● YOUR ASSIGNMENT
Where the records below reach the line containing "using norm_triangle_ineq2[of x a]", start transcribing, and end with the line containing "using assms sqrt_2_gt_1_4 by (auto", exactly and with nothing else added.

● Items from a data source
-------
section \<open>The factor at the prime 2\<close>

lemma norm_square_minus_self_plus_2_ge:
  fixes x :: complex
  assumes "sqrt 2 \<le> norm x"
  shows "(norm x - sqrt 2)^2 \<le> norm (x^2 - x + 2)"
proof -
  define a where "a = (1 + \<i> * sqrt 7) / (2::complex)"
  have factor: "x^2 - x + 2 = (x - a) * (x - cnj a)"
    unfolding a_def by (simp add: algebra_simps power2_eq_square complex_eq_iff) (simp add: field_simps)
  have "norm a = sqrt 2"
    unfolding a_def by (simp add: cmod_def power_divide)
  then have "norm x - sqrt 2 \<le> norm (x - a)" "norm x - sqrt 2 \<le> norm (x - cnj a)"
    using norm_triangle_ineq2[of x a] norm_triangle_ineq2[of x "cnj a"] by auto
  then have "(norm x - sqrt 2) * (norm x - sqrt 2) \<le> norm (x - a) * norm (x - cnj a)"
    using assms by (intro mult_mono) auto
  then show ?thesis
    by (metis factor norm_mult power2_eq_square)
qed

lemma kappa_denominators_nonzero:
  fixes x :: complex
  assumes "sqrt 2 < norm x"
  shows "x^3 + x + 2 \<noteq> 0" "x^2 * (x - 1) \<noteq> 0"
proof -
  have "x \<noteq> 1" "x \<noteq> -1" "x \<noteq> 0"
    using assms sqrt_2_gt_1_4 by auto
  moreover have "x^2 - x + 2 \<noteq> 0"
    using norm_square_minus_self_plus_2_ge[of x] assms by auto
  moreover have "x^3 + x + 2 = (x^2 - x + 2) * (x + 1)"
    by (simp add: algebra_simps power2_eq_square power3_eq_cube)
  ultimately show "x^3 + x + 2 \<noteq> 0" "x^2 * (x - 1) \<noteq> 0"
    by (auto simp: add_eq_0_iff2)
qed

lemma kappa_t_even_eq:
  fixes s :: complex
  assumes "even m"
  defines "x \<equiv> (2::complex) powr s" and "e \<equiv> multiplicity (2::nat) m"
  shows "kappa_t m s = ((-1)^e / 2) * ((x^3 + x^2) / (x^3 + x + 2))
           * (1 + 2 * (1 + (-1)^e) / (x^2 * (x - 1)))"
proof -
  have "(8::complex) powr s = x^3" "(4::complex) powr s = x^2"
    using of_nat_power_powr[of 2 3 s] of_nat_power_powr[of 2 2 s] by (simp_all add: x_def)
  then show ?thesis
    using assms(1) by (simp add: kappa_t_def Let_def x_def e_def)
qed

lemma norm_kappa_first_factor_le:
  fixes x :: complex
  assumes "sqrt 2 < norm x"
  shows "norm ((x^3 + x^2) / (x^3 + x + 2)) \<le> (norm x / (norm x - sqrt 2))^2"
proof -
  have "x + 1 \<noteq> 0"
    using assms sqrt_2_gt_1_4 by (auto simp: add_eq_0_iff2)
  moreover have "x^3 + x^2 = x^2 * (x + 1)" "x^3 + x + 2 = (x^2 - x + 2) * (x + 1)"
    by (simp_all add: algebra_simps power2_eq_square power3_eq_cube)
  ultimately have "norm ((x^3 + x^2) / (x^3 + x + 2)) = norm x ^ 2 / norm (x^2 - x + 2)"
    by (simp add: norm_divide norm_power)
  also have "\<dots> \<le> norm x ^ 2 / (norm x - sqrt 2)^2"
    using assms norm_square_minus_self_plus_2_ge[of x] by (intro divide_left_mono mult_pos_pos) auto
  finally show ?thesis
    by (simp add: power_divide)
qed

lemma norm_kappa_second_factor_le:
  fixes x c :: complex
  assumes "sqrt 2 < norm x" and "norm c \<le> 4"
  shows "norm (1 + c / (x^2 * (x - 1))) \<le> 6"
proof -
  have "2 \<le> norm x ^ 2"
    using assms(1) by (metis less_imp_le power_mono real_sqrt_ge_zero real_sqrt_pow2 zero_le_numeral)
  moreover have "0.4 \<le> norm (x - 1)"
    using assms(1) sqrt_2_gt_1_4 norm_triangle_ineq2[of x 1] by simp
  ultimately have "2 * 0.4 \<le> norm (x^2 * (x - 1))"
    unfolding norm_mult norm_power by (intro mult_mono) auto
  then have "norm (c / (x^2 * (x - 1))) \<le> 4 / 0.8"
    unfolding norm_divide using assms(2) by (intro frac_le) auto
  then show ?thesis
    using norm_triangle_ineq[of 1 "c / (x^2 * (x - 1))"] by simp
qed

definition kappa_bound :: "real \<Rightarrow> real" where
  "kappa_bound \<sigma> = 3 * (2 powr \<sigma> / (2 powr \<sigma> - sqrt 2))^2"

lemma kappa_bound_ge_1:
  assumes "1/2 < \<sigma>"
  shows "1 \<le> kappa_bound \<sigma>"
proof -
  have "1 \<le> (2 powr \<sigma> / (2 powr \<sigma> - sqrt 2))^2"
    using sqrt_2_lt_2_powr[OF assms] by (intro one_le_power) (simp add: field_simps)
  then show ?thesis
    unfolding kappa_bound_def by simp
qed

lemma norm_kappa_t_le:
  assumes "1/2 < \<sigma>" and "\<sigma> \<le> Re s"
  shows "norm (kappa_t m s) \<le> kappa_bound \<sigma>"
proof -
  define t where "t = (2::real) powr \<sigma>"
  define x where "x = (2::complex) powr s"
  define e where "e = multiplicity (2::nat) m"
  have t: "sqrt 2 < t"
    unfolding t_def using sqrt_2_lt_2_powr[OF assms(1)] .
  have x: "t \<le> norm x"
    using assms(2) by (simp add: t_def x_def norm_of_nat_powr[of 2, simplified])
  have t_ratio: "norm x / (norm x - sqrt 2) \<le> t / (t - sqrt 2)"
    using t x by (simp add: field_simps)
  show ?thesis
  proof (cases "even m")
    case True
    have "norm (2 * (1 + (-1::complex)^e)) \<le> 4"
      by (cases "even e") auto
    then have "norm (1 + 2 * (1 + (-1)^e) / (x^2 * (x - 1))) \<le> 6"
      using t x by (intro norm_kappa_second_factor_le) auto
    moreover have "norm ((x^3 + x^2) / (x^3 + x + 2)) \<le> (norm x / (norm x - sqrt 2))^2"
      using t x by (intro norm_kappa_first_factor_le) auto
    moreover have "norm ((-1)^e / 2 :: complex) = 1/2"
      by (simp add: norm_divide norm_power)
    ultimately have "norm (kappa_t m s) \<le> 1/2 * (norm x / (norm x - sqrt 2))^2 * 6"
      unfolding kappa_t_even_eq[OF True] x_def[symmetric] e_def[symmetric] norm_mult
      by (intro mult_mono) auto
    also have "\<dots> \<le> 1/2 * (t / (t - sqrt 2))^2 * 6"
      using t x t_ratio by (intro mult_right_mono mult_left_mono power_mono) auto
    finally show ?thesis
      by (simp add: kappa_bound_def t_def)
  qed (use kappa_bound_ge_1[OF assms(1)] in \<open>simp add: kappa_t_def\<close>)
qed

lemma kappa_t_holomorphic: "kappa_t m holomorphic_on {s. 1/2 < Re s}"
proof (cases "even m")
  case True
  define e where "e = multiplicity (2::nat) m"
  have eq: "kappa_t m = (\<lambda>s. ((-1)^e / 2) * ((((2::complex) powr s)^3 + (2 powr s)^2)
      / ((2 powr s)^3 + 2 powr s + 2)) * (1 + 2 * (1 + (-1)^e) / ((2 powr s)^2 * (2 powr s - 1))))"
    unfolding e_def by (rule ext, rule kappa_t_even_eq[OF True])
  have "sqrt 2 < norm ((2::complex) powr s)" if "1/2 < Re s" for s
    using sqrt_2_lt_2_powr[OF that] by (simp add: norm_of_nat_powr[of 2, simplified])
  then show ?thesis
    unfolding eq using kappa_denominators_nonzero by (intro holomorphic_intros) auto
next
  case False
  then have "kappa_t m = (\<lambda>_. 1)"
    by (simp add: kappa_t_def fun_eq_iff)
  then show ?thesis
    by simp
qed

section \<open>Euler factors\<close>

lemma euler_factor_ratios:
  fixes x :: complex
  assumes "x \<noteq> 1" and "x \<noteq> -1" and "p \<noteq> 0" and "p \<noteq> 2"
  shows "(1 - 2 / of_nat p) * (1 + 2 * (of_nat p - 1) / ((of_nat p - 2) * (x - 1))) / (1 + 2 / (x - 1))
           = ((of_nat p - 2) * x + of_nat p) / (of_nat p * (x + 1))"
    and "1 / (1 + 2 / (x - 1)) = (x - 1) / (x + 1)"
proof -
  define P where "P = (of_nat p :: complex)"
  have nonzero: "x - 1 \<noteq> 0" "x + 1 \<noteq> 0" "P \<noteq> 0" "P - 2 \<noteq> 0"
    using assms by (auto simp: P_def add_eq_0_iff2 of_nat_eq_iff[of p 2, simplified])
  have D: "1 + 2 / (x - 1) = (x + 1) / (x - 1)"
    using nonzero by (simp add: field_simps)
  then show "1 / (1 + 2 / (x - 1)) = (x - 1) / (x + 1)"
    by simp
  have "1 + 2 * (P - 1) / ((P - 2) * (x - 1)) = ((P - 2) * x + P) / ((P - 2) * (x - 1))"
    using nonzero by (simp add: divide_simps) (simp add: algebra_simps)
  moreover have "1 - 2 / P = (P - 2) / P"
    using nonzero by (simp add: field_simps)
  ultimately show "(1 - 2 / of_nat p) * (1 + 2 * (of_nat p - 1) / ((of_nat p - 2) * (x - 1)))
      / (1 + 2 / (x - 1)) = ((of_nat p - 2) * x + of_nat p) / (of_nat p * (x + 1))"
    unfolding D P_def[symmetric] using nonzero by (simp add: divide_simps)
qed

lemma local_factor_eq_convex_combination:
  fixes x :: complex
  assumes "p \<noteq> 0" and "x + 1 \<noteq> 0"
  shows "((of_nat p - 2) * x + of_nat p) / (of_nat p * (x + 1))
           = (1 - 2 / of_nat p) + 2 / of_nat p * (1 / (x + 1))"
proof -
  have "(1 - 2 / of_nat p) + 2 / of_nat p * (1 / (x + 1))
      = ((of_nat p - 2) * (x + 1) + 2) / (of_nat p * (x + 1) :: complex)"
    using assms by (simp add: add_divide_distrib diff_divide_distrib)
  then show ?thesis
    by (simp add: algebra_simps)
qed

lemma norm_local_factor_le:
  fixes x :: complex
  assumes "2 \<le> p" and "x + 1 \<noteq> 0" and "norm (1 / (x + 1)) \<le> B" and "1 \<le> B"
  shows "norm (((of_nat p - 2) * x + of_nat p) / (of_nat p * (x + 1))) \<le> B"
proof -
  have weight: "0 \<le> 1 - 2 / real p" "0 < 2 / real p"
    using assms(1) by (simp_all add: field_simps)
  have "p \<noteq> 0"
    using assms(1) by simp
  have "(1 - 2 / of_nat p :: complex) = of_real (1 - 2 / real p)"
    by simp
  then have "norm (1 - 2 / of_nat p :: complex) = 1 - 2 / real p"
    using weight(1) by (simp only: norm_of_real abs_of_nonneg)
  then have "norm (((of_nat p - 2) * x + of_nat p) / (of_nat p * (x + 1)))
      \<le> (1 - 2 / real p) + norm (2 / of_nat p * (1 / (x + 1)))"
    unfolding local_factor_eq_convex_combination[OF \<open>p \<noteq> 0\<close> assms(2)]
    using norm_triangle_ineq by metis
  also have "\<dots> = (1 - 2 / real p) + 2 / real p * norm (1 / (x + 1))"
    by (simp add: norm_mult norm_divide)
  also have "\<dots> \<le> (1 - 2 / real p) * B + 2 / real p * B"
    using assms(3,4) weight by (intro add_mono mult_left_mono) (auto simp: mult_le_cancel_left1)
  finally show ?thesis
    by (simp add: algebra_simps)
qed

lemma norm_local_factors_le_1:
  fixes x :: complex
  assumes "0 \<le> Re x" and "2 \<le> p"
  shows "norm ((x - 1) / (x + 1)) \<le> 1"
    and "norm (((of_nat p - 2) * x + of_nat p) / (of_nat p * (x + 1))) \<le> 1"
proof -
  have "1 \<le> Re (x + 1)"
    using assms(1) by simp
  then have x1: "1 \<le> norm (x + 1)"
    using complex_Re_le_cmod order_trans by blast
  have "norm (x - 1)^2 \<le> norm (x + 1)^2"
    unfolding cmod_power2 using assms(1) by (simp add: power2_eq_square algebra_simps)
  then have "norm (x - 1) \<le> norm (x + 1)"
    by (rule power2_le_imp_le) simp
  then show "norm ((x - 1) / (x + 1)) \<le> 1"
    using x1 by (simp add: norm_divide divide_le_eq_1)
  show "norm (((of_nat p - 2) * x + of_nat p) / (of_nat p * (x + 1))) \<le> 1"
    using x1 assms(2) by (intro norm_local_factor_le) (auto simp: norm_divide divide_le_eq_1)
qed

lemma norm_local_factors_le:
  fixes x :: complex
  assumes "1 < norm x" and "2 \<le> p"
  shows "norm ((x - 1) / (x + 1)) \<le> (norm x + 1) / (norm x - 1)"
    and "norm (((of_nat p - 2) * x + of_nat p) / (of_nat p * (x + 1))) \<le> (norm x + 1) / (norm x - 1)"
proof -
  have x1: "norm x - 1 \<le> norm (x + 1)"
    using norm_triangle_ineq2[of x "-1"] by simp
  show "norm ((x - 1) / (x + 1)) \<le> (norm x + 1) / (norm x - 1)"
    unfolding norm_divide using assms(1) x1 norm_triangle_ineq4[of x 1] by (intro frac_le) auto
  have "norm (1 / (x + 1)) \<le> 1 / (norm x - 1)"
    unfolding norm_divide using assms(1) x1 by (intro frac_le) auto
  also have "\<dots> \<le> (norm x + 1) / (norm x - 1)"
    using assms(1) by (intro divide_right_mono) auto
  finally show "norm (((of_nat p - 2) * x + of_nat p) / (of_nat p * (x + 1))) \<le> (norm x + 1) / (norm x - 1)"
    using assms x1 by (intro norm_local_factor_le) auto
qed

lemma local_factor_bound_le_exp:
  assumes "2 \<le> p" and "1/2 < Re s"
  defines "x \<equiv> norm ((of_nat p :: complex) powr s)"
  shows "(x + 1) / (x - 1) \<le> exp (7 / sqrt (real p))"
proof -
  have "real p powr (1/2) < real p powr Re s"
    using assms(1,2) by (intro powr_less_mono) auto
  then have x: "sqrt (real p) < x"
    using assms(1) by (simp add: x_def norm_of_nat_powr powr_half_sqrt)
  have "sqrt 2 \<le> sqrt (real p)"
    using assms(1) by simp
  then have p: "1.4 < sqrt (real p)"
    using sqrt_2_gt_1_4 by linarith
  have "(x + 1) / (x - 1) = 1 + 2 / (x - 1)"
    using x p by (simp add: field_simps)
  also have "\<dots> \<le> 1 + 2 / (sqrt (real p) - 1)"
    using x p assms(1) by (intro add_left_mono divide_left_mono mult_pos_pos) auto
  also have "\<dots> \<le> 1 + 7 / sqrt (real p)"
  proof -
    have "2 / (sqrt (real p) - 1) \<le> 7 / sqrt (real p)"
      using p by (simp add: divide_simps)
    then show ?thesis
      by simp
  qed
  also have "\<dots> \<le> exp (7 / sqrt (real p))"
    by (rule exp_ge_add_one_self)
  finally show ?thesis .
qed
-------
● REPLY TO THE TASK
    using norm_triangle_ineq2[of x a] norm_triangle_ineq2[of x "cnj a"] by auto
  then have "(norm x - sqrt 2) * (norm x - sqrt 2) \<le> norm (x - a) * norm (x - cnj a)"
    using assms by (intro mult_mono) auto
  then show ?thesis
    by (metis factor norm_mult power2_eq_square)
qed

lemma kappa_denominators_nonzero:
  fixes x :: complex
  assumes "sqrt 2 < norm x"
  shows "x^3 + x + 2 \<noteq> 0" "x^2 * (x - 1) \<noteq> 0"
proof -
  have "x \<noteq> 1" "x \<noteq> -1" "x \<noteq> 0"
    using assms sqrt_2_gt_1_4 by auto
  moreover have "x^2 - x + 2 \<noteq> 0"
    using norm_square_minus_self_plus_2_ge[of x] assms by auto
  moreover have "x^3 + x + 2 = (x^2 - x + 2) * (x + 1)"
    by (simp add: algebra_simps power2_eq_square power3_eq_cube)
  ultimately show "x^3 + x + 2 \<noteq> 0" "x^2 * (x - 1) \<noteq> 0"
    by (auto simp: add_eq_0_iff2)
qed

lemma kappa_t_even_eq:
  fixes s :: complex
  assumes "even m"
  defines "x \<equiv> (2::complex) powr s" and "e \<equiv> multiplicity (2::nat) m"
  shows "kappa_t m s = ((-1)^e / 2) * ((x^3 + x^2) / (x^3 + x + 2))
           * (1 + 2 * (1 + (-1)^e) / (x^2 * (x - 1)))"
proof -
  have "(8::complex) powr s = x^3" "(4::complex) powr s = x^2"
    using of_nat_power_powr[of 2 3 s] of_nat_power_powr[of 2 2 s] by (simp_all add: x_def)
  then show ?thesis
    using assms(1) by (simp add: kappa_t_def Let_def x_def e_def)
qed

lemma norm_kappa_first_factor_le:
  fixes x :: complex
  assumes "sqrt 2 < norm x"
  shows "norm ((x^3 + x^2) / (x^3 + x + 2)) \<le> (norm x / (norm x - sqrt 2))^2"
proof -
  have "x + 1 \<noteq> 0"
    using assms sqrt_2_gt_1_4 by (auto simp: add_eq_0_iff2)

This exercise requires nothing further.